> _Data for review_

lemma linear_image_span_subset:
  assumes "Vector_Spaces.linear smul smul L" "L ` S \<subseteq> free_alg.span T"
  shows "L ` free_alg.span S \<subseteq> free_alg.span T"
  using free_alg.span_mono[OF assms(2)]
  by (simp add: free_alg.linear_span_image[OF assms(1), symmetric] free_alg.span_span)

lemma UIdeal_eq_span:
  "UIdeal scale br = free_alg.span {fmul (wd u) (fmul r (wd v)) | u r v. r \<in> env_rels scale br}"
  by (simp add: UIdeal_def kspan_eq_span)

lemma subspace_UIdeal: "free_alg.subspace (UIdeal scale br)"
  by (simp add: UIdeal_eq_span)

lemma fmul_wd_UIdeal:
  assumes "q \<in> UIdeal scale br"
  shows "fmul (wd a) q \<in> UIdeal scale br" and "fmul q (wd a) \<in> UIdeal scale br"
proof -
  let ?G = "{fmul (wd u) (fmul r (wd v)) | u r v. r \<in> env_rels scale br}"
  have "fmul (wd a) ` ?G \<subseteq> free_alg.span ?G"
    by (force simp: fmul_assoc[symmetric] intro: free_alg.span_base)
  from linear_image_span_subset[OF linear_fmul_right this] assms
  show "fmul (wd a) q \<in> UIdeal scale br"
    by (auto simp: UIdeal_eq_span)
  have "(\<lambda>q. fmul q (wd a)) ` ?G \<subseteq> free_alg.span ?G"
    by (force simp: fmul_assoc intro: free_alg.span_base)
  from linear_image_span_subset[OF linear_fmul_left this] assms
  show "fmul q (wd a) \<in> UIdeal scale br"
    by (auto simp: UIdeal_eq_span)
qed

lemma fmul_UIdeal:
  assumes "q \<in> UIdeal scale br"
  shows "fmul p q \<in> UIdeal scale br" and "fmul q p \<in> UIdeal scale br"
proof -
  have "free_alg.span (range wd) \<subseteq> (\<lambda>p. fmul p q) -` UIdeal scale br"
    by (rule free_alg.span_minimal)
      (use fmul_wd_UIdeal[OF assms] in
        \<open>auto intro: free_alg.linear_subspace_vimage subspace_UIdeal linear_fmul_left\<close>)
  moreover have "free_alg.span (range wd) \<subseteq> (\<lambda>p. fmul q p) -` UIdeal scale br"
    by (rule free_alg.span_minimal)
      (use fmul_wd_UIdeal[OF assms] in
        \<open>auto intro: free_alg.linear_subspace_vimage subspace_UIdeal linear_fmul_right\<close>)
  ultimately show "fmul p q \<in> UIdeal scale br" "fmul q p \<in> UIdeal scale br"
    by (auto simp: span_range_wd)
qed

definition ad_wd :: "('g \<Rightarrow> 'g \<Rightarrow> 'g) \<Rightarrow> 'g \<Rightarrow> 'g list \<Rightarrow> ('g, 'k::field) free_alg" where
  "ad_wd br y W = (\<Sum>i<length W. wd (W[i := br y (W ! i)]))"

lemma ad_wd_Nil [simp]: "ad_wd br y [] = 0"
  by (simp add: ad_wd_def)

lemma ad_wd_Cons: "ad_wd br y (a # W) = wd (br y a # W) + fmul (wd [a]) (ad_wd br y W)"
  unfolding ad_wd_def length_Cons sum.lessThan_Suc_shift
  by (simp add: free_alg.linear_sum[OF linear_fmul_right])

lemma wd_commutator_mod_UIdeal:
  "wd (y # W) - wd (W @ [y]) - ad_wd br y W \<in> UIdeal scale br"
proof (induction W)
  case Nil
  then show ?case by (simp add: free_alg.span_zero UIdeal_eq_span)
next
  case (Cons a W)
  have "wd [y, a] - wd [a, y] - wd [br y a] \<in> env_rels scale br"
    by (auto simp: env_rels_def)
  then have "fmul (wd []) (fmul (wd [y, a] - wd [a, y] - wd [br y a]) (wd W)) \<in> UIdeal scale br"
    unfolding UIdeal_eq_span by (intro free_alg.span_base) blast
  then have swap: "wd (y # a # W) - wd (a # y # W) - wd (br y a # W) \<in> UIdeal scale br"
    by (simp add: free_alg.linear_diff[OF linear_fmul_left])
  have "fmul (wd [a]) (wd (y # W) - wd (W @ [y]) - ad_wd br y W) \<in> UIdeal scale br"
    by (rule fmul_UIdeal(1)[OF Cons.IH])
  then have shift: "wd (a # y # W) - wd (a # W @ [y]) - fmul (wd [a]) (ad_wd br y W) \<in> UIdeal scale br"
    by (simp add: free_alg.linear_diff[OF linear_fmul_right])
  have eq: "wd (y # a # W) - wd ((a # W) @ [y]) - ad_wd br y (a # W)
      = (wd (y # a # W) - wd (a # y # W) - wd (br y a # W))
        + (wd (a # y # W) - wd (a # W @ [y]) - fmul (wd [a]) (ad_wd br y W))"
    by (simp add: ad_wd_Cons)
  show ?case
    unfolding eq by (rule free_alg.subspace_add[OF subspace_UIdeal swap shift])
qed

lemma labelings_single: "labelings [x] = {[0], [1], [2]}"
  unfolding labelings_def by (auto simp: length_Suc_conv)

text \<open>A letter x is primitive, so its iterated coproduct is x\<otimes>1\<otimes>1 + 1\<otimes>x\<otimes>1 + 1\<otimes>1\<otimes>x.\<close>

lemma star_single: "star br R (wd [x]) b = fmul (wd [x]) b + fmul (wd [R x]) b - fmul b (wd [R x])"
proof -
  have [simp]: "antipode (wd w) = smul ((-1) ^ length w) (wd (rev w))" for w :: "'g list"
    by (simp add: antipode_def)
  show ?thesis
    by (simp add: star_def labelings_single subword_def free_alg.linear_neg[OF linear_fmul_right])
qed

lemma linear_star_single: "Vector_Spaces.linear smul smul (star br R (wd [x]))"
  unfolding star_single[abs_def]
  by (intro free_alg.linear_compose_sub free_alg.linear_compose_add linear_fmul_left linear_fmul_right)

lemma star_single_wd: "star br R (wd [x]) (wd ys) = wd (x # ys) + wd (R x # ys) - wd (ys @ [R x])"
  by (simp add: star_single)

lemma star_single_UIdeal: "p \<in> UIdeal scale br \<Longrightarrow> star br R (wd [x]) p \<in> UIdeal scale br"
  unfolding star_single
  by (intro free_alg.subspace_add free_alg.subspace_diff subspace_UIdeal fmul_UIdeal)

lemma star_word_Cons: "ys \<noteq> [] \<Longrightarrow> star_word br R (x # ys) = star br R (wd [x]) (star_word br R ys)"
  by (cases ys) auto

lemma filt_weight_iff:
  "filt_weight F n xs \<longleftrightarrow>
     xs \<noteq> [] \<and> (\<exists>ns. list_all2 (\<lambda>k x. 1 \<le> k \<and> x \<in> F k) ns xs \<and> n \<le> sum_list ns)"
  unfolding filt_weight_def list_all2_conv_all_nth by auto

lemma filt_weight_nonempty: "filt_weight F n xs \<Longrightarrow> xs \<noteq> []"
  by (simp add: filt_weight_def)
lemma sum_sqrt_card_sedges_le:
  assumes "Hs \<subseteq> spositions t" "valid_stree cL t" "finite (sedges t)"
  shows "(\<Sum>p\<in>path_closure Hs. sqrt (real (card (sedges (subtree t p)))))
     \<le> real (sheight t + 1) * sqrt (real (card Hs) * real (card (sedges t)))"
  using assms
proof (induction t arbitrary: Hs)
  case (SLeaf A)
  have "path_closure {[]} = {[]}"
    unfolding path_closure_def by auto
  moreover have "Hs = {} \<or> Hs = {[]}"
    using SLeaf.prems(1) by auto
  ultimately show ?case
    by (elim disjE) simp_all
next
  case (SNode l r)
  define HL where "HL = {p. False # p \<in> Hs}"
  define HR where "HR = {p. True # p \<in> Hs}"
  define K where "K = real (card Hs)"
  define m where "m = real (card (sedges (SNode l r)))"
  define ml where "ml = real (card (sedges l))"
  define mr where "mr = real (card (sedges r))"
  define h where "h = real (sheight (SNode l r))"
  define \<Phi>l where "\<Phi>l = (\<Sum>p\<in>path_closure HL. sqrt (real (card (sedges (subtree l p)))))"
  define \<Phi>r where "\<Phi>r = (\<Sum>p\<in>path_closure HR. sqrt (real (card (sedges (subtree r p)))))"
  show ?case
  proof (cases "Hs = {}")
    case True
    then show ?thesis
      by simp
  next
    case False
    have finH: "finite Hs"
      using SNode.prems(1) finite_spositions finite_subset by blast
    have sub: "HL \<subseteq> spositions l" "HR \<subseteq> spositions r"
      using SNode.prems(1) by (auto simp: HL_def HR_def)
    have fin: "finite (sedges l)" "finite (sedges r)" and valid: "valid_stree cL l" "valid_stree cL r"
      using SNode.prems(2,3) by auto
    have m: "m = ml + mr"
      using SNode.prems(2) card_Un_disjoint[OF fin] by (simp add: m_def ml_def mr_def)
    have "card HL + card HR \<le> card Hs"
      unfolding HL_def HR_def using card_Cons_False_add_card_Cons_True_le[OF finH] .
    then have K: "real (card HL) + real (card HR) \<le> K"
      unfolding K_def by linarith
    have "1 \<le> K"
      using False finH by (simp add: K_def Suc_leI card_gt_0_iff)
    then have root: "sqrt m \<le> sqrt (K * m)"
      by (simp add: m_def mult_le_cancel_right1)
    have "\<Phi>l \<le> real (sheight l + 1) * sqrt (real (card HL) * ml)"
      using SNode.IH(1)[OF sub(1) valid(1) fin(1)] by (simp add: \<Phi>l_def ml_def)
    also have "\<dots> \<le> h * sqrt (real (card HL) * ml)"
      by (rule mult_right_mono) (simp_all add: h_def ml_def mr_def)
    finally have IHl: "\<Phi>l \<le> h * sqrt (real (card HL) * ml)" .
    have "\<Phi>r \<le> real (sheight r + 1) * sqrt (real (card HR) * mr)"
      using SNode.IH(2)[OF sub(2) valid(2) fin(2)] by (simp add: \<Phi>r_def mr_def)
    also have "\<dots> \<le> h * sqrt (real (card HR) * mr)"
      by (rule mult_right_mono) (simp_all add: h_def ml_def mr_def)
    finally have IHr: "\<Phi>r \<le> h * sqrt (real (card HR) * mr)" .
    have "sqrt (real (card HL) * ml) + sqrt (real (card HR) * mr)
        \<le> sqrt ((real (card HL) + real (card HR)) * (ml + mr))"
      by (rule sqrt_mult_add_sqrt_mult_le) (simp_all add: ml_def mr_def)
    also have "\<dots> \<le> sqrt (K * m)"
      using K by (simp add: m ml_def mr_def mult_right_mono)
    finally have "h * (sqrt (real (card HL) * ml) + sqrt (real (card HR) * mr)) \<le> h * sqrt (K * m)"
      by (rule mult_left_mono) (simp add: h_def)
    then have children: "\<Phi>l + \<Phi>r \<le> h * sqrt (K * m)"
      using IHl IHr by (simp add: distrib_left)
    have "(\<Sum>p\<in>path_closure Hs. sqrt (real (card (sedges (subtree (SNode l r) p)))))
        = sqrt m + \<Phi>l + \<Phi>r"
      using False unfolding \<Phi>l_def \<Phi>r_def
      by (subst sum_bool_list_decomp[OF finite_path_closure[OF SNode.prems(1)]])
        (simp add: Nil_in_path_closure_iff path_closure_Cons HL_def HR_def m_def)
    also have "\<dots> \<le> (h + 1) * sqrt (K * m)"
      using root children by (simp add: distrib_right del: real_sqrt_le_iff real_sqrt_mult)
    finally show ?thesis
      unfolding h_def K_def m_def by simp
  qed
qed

> _Exercise requirements_
Lines from the one with "using root children" through the last line above must be printed exactly; no other line is to appear.

> _Your response_
      using root children by (simp add: distrib_right del: real_sqrt_le_iff real_sqrt_mult)
    finally show ?thesis
      unfolding h_def K_def m_def by simp
  qed
qed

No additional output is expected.